> **EXERCISE MATERIALS**:

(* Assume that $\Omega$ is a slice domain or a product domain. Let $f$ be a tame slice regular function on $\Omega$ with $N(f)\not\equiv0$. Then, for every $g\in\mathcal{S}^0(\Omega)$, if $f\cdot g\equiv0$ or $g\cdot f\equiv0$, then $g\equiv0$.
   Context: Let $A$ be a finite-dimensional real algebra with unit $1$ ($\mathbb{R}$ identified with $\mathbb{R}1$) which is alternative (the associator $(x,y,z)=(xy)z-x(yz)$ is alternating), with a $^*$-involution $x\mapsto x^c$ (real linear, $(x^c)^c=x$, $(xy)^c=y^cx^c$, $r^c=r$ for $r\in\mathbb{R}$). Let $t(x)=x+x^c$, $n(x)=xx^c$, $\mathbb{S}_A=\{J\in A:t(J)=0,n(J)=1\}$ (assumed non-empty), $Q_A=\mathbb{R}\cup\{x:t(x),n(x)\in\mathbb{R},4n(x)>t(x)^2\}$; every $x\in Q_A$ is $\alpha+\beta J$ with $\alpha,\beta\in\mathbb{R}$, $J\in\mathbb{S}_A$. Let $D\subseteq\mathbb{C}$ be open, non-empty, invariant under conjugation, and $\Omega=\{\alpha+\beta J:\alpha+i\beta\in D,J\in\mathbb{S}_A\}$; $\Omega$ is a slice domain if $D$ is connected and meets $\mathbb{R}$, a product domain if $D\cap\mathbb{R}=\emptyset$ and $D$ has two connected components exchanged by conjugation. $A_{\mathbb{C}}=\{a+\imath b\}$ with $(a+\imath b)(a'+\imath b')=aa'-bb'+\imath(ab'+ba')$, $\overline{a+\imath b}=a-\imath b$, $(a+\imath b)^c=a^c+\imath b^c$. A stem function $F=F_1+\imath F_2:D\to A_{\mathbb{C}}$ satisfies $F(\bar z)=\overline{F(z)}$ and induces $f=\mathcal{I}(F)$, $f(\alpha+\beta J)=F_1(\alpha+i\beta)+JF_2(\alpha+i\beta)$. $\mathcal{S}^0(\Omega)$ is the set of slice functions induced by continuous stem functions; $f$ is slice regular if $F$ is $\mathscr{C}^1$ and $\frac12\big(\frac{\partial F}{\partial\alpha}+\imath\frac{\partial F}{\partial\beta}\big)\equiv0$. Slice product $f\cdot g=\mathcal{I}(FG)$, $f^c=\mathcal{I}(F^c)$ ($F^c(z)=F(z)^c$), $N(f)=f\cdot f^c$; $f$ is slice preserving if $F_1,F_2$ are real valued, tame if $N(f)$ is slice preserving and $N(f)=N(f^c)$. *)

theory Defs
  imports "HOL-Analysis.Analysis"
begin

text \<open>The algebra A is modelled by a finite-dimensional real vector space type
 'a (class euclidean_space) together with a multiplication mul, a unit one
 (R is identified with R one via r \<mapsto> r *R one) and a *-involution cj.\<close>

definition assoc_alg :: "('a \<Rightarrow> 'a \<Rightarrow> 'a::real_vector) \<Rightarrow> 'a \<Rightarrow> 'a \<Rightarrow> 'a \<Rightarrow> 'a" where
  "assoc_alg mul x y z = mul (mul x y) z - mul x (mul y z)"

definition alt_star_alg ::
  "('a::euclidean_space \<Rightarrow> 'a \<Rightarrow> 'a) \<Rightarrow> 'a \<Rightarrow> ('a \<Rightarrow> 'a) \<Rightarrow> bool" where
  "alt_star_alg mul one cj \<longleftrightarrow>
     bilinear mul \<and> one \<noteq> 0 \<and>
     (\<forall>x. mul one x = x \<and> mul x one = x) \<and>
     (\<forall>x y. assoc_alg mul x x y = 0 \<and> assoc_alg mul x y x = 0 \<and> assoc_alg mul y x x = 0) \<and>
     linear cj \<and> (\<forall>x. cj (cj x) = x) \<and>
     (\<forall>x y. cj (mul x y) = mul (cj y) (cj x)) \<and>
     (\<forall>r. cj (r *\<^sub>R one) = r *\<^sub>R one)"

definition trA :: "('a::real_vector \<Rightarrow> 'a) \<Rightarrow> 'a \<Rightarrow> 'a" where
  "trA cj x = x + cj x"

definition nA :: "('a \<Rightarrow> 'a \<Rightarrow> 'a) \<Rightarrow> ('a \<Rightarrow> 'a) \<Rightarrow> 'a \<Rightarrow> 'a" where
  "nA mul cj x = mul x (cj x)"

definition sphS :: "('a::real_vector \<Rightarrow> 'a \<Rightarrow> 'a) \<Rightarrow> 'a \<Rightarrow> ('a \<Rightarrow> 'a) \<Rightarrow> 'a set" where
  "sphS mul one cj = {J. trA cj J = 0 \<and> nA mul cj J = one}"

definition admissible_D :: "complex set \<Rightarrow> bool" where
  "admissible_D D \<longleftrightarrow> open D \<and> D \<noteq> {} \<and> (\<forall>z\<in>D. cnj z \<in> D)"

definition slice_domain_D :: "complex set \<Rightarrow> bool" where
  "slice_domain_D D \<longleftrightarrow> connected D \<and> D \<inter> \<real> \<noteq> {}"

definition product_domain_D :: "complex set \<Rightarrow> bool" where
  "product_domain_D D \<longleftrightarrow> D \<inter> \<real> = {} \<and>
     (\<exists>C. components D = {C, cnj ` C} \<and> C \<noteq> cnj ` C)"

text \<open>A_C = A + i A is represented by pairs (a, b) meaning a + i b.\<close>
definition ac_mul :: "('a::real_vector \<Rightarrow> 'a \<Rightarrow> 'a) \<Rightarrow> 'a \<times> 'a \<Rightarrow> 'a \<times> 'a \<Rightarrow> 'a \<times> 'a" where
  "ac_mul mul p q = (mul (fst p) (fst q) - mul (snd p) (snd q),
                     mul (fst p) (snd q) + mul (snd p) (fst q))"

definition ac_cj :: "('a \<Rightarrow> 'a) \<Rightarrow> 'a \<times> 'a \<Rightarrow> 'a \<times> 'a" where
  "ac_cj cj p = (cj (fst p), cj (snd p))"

> **WHAT YOU SHOULD DO**: What is needed is an exact copy of all the data above.

> **WRITTEN ANSWER**:
(* Assume that $\Omega$ is a slice domain or a product domain. Let $f$ be a tame slice regular function on $\Omega$ with $N(f)\not\equiv0$. Then, for every $g\in\mathcal{S}^0(\Omega)$, if $f\cdot g\equiv0$ or $g\cdot f\equiv0$, then $g\equiv0$.
   Context: Let $A$ be a finite-dimensional real algebra with unit $1$ ($\mathbb{R}$ identified with $\mathbb{R}1$) which is alternative (the associator $(x,y,z)=(xy)z-x(yz)$ is alternating), with a $^*$-involution $x\mapsto x^c$ (real linear, $(x^c)^c=x$, $(xy)^c=y^cx^c$, $r^c=r$ for $r\in\mathbb{R}$). Let $t(x)=x+x^c$, $n(x)=xx^c$, $\mathbb{S}_A=\{J\in A:t(J)=0,n(J)=1\}$ (assumed non-empty), $Q_A=\mathbb{R}\cup\{x:t(x),n(x)\in\mathbb{R},4n(x)>t(x)^2\}$; every $x\in Q_A$ is $\alpha+\beta J$ with $\alpha,\beta\in\mathbb{R}$, $J\in\mathbb{S}_A$. Let $D\subseteq\mathbb{C}$ be open, non-empty, invariant under conjugation, and $\Omega=\{\alpha+\beta J:\alpha+i\beta\in D,J\in\mathbb{S}_A\}$; $\Omega$ is a slice domain if $D$ is connected and meets $\mathbb{R}$, a product domain if $D\cap\mathbb{R}=\emptyset$ and $D$ has two connected components exchanged by conjugation. $A_{\mathbb{C}}=\{a+\imath b\}$ with $(a+\imath b)(a'+\imath b')=aa'-bb'+\imath(ab'+ba')$, $\overline{a+\imath b}=a-\imath b$, $(a+\imath b)^c=a^c+\imath b^c$. A stem function $F=F_1+\imath F_2:D\to A_{\mathbb{C}}$ satisfies $F(\bar z)=\overline{F(z)}$ and induces $f=\mathcal{I}(F)$, $f(\alpha+\beta J)=F_1(\alpha+i\beta)+JF_2(\alpha+i\beta)$. $\mathcal{S}^0(\Omega)$ is the set of slice functions induced by continuous stem functions; $f$ is slice regular if $F$ is $\mathscr{C}^1$ and $\frac12\big(\frac{\partial F}{\partial\alpha}+\imath\frac{\partial F}{\partial\beta}\big)\equiv0$. Slice product $f\cdot g=\mathcal{I}(FG)$, $f^c=\mathcal{I}(F^c)$ ($F^c(z)=F(z)^c$), $N(f)=f\cdot f^c$; $f$ is slice preserving if $F_1,F_2$ are real valued, tame if $N(f)$ is slice preserving and $N(f)=N(f^c)$. *)

theory Defs
  imports "HOL-Analysis.Analysis"
begin

text \<open>The algebra A is modelled by a finite-dimensional real vector space type
 'a (class euclidean_space) together with a multiplication mul, a unit one
 (R is identified with R one via r \<mapsto> r *R one) and a *-involution cj.\<close>

definition assoc_alg :: "('a \<Rightarrow> 'a \<Rightarrow> 'a::real_vector) \<Rightarrow> 'a \<Rightarrow> 'a \<Rightarrow> 'a \<Rightarrow> 'a" where
  "assoc_alg mul x y z = mul (mul x y) z - mul x (mul y z)"

definition alt_star_alg ::
  "('a::euclidean_space \<Rightarrow> 'a \<Rightarrow> 'a) \<Rightarrow> 'a \<Rightarrow> ('a \<Rightarrow> 'a) \<Rightarrow> bool" where
  "alt_star_alg mul one cj \<longleftrightarrow>
     bilinear mul \<and> one \<noteq> 0 \<and>
     (\<forall>x. mul one x = x \<and> mul x one = x) \<and>
     (\<forall>x y. assoc_alg mul x x y = 0 \<and> assoc_alg mul x y x = 0 \<and> assoc_alg mul y x x = 0) \<and>
     linear cj \<and> (\<forall>x. cj (cj x) = x) \<and>
     (\<forall>x y. cj (mul x y) = mul (cj y) (cj x)) \<and>
     (\<forall>r. cj (r *\<^sub>R one) = r *\<^sub>R one)"

definition trA :: "('a::real_vector \<Rightarrow> 'a) \<Rightarrow> 'a \<Rightarrow> 'a" where
  "trA cj x = x + cj x"

definition nA :: "('a \<Rightarrow> 'a \<Rightarrow> 'a) \<Rightarrow> ('a \<Rightarrow> 'a) \<Rightarrow> 'a \<Rightarrow> 'a" where
  "nA mul cj x = mul x (cj x)"

definition sphS :: "('a::real_vector \<Rightarrow> 'a \<Rightarrow> 'a) \<Rightarrow> 'a \<Rightarrow> ('a \<Rightarrow> 'a) \<Rightarrow> 'a set" where
  "sphS mul one cj = {J. trA cj J = 0 \<and> nA mul cj J = one}"

definition admissible_D :: "complex set \<Rightarrow> bool" where
  "admissible_D D \<longleftrightarrow> open D \<and> D \<noteq> {} \<and> (\<forall>z\<in>D. cnj z \<in> D)"

definition slice_domain_D :: "complex set \<Rightarrow> bool" where
  "slice_domain_D D \<longleftrightarrow> connected D \<and> D \<inter> \<real> \<noteq> {}"

definition product_domain_D :: "complex set \<Rightarrow> bool" where
  "product_domain_D D \<longleftrightarrow> D \<inter> \<real> = {} \<and>
     (\<exists>C. components D = {C, cnj ` C} \<and> C \<noteq> cnj ` C)"

text \<open>A_C = A + i A is represented by pairs (a, b) meaning a + i b.\<close>
definition ac_mul :: "('a::real_vector \<Rightarrow> 'a \<Rightarrow> 'a) \<Rightarrow> 'a \<times> 'a \<Rightarrow> 'a \<times> 'a \<Rightarrow> 'a \<times> 'a" where
  "ac_mul mul p q = (mul (fst p) (fst q) - mul (snd p) (snd q),
                     mul (fst p) (snd q) + mul (snd p) (fst q))"

definition ac_cj :: "('a \<Rightarrow> 'a) \<Rightarrow> 'a \<times> 'a \<Rightarrow> 'a \<times> 'a" where
  "ac_cj cj p = (cj (fst p), cj (snd p))"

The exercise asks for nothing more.